Merantau, released in some countries as Merantau Warrior, is a 2009 Indonesian martial arts action film written, directed and edited by Gareth Huw Evans, and starring Iko Uwais. The film, which marks Uwais' debut as an actor, is the first collaboration between director Evans and star Uwais. It also marks the acting debut of Yayan Ruhian, both of whom Evans met while shooting for a documentary in Indonesia which became his introduction to the Pencak Silat martial art.

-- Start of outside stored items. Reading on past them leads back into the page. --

(* The cellular automaton $F$ on the free group $G$ with generators $a,b$ and alphabet $A=\{0,1,\iota,\beta\}$ described in the context has no equicontinuity point.
   Context: $G$ is the free group on $\{a,b\}$ with generating set $E=\{a,a^{-1},b,b^{-1}\}$, word norm $\|g\|$, and Cantor metric $d(x,y)=2^{-k}$, $k=\min\{\|g\|:x_g\neq y_g\}$, on $A^G$, with closed balls $B$. In a configuration $c\in A^G$, a position $g$ is free if $c_g\in\{0,1\}$ and $|\{g'\in gE: c_{g'}\in\{0,1\}\}|\geq 2$. A position $g$ is blocked in $c$ if either ($c_g=\iota$ and $c_{g'}\in\{\iota,\beta\}$ for all $g'\in gE$), or ($c_g=\beta$ and exactly one $g'\in gE$ has $c_{g'}=\iota$ and all other elements of $gE$ are free in $c$). The map $F:A^G\to A^G$ is defined by: $F(c)_g=c_g+\sum_{g'\in gE,\,c_{g'}\in\{0,1\}}c_{g'}\bmod 2$ if $c_g\in\{0,1\}$; $F(c)_g=c_g$ if $g$ is blocked in $c$; $F(c)_g=0$ otherwise. (It is a cellular automaton of radius 2.) $x$ is an equicontinuity point of $F$ if $\forall\epsilon>0\,\exists\delta>0\,\forall t\in\mathbb{N}$, $F^t(B(x,\delta))\subseteq B(F^t(x),\epsilon)$. *)

theory Defs
  imports Complex_Main
begin

datatype gen = GA | GAi | GB | GBi

fun ginv :: "gen \<Rightarrow> gen" where
  "ginv GA = GAi" | "ginv GAi = GA" | "ginv GB = GBi" | "ginv GBi = GB"

fun reduced :: "gen list \<Rightarrow> bool" where
  "reduced (x # y # ys) = (y \<noteq> ginv x \<and> reduced (y # ys))"
| "reduced _ = True"

typedef fg = "{w :: gen list. reduced w}"
  by (rule exI[of _ "[]"]) simp

definition rstep :: "gen list \<Rightarrow> gen \<Rightarrow> gen list" where
  "rstep w e = (if w \<noteq> [] \<and> last w = ginv e then butlast w else w @ [e])"

definition gmul :: "fg \<Rightarrow> gen \<Rightarrow> fg" where
  "gmul g e = Abs_fg (rstep (Rep_fg g) e)"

The film showcases the Minangkabau tradition of "Merantau", a rite of passage where a man leaves his home to pursue a career or gain experience outside of the village, a culture where inheritance is largely matriarchal. It showcases Yuda who leaves his village in hopes of teaching Silat in Jakarta, only to be sidetracked as he attempts to save a girl from being kidnapped. The film showcases a style of Silat known as "Silek Harimau" (Tiger Silat). It also features actors Donny Alamsyah and Alex Abbad who, along with Uwais and Ruhiyan, would later appear in Evans' subsequent films in The Raid (2011) and The Raid 2 (2014).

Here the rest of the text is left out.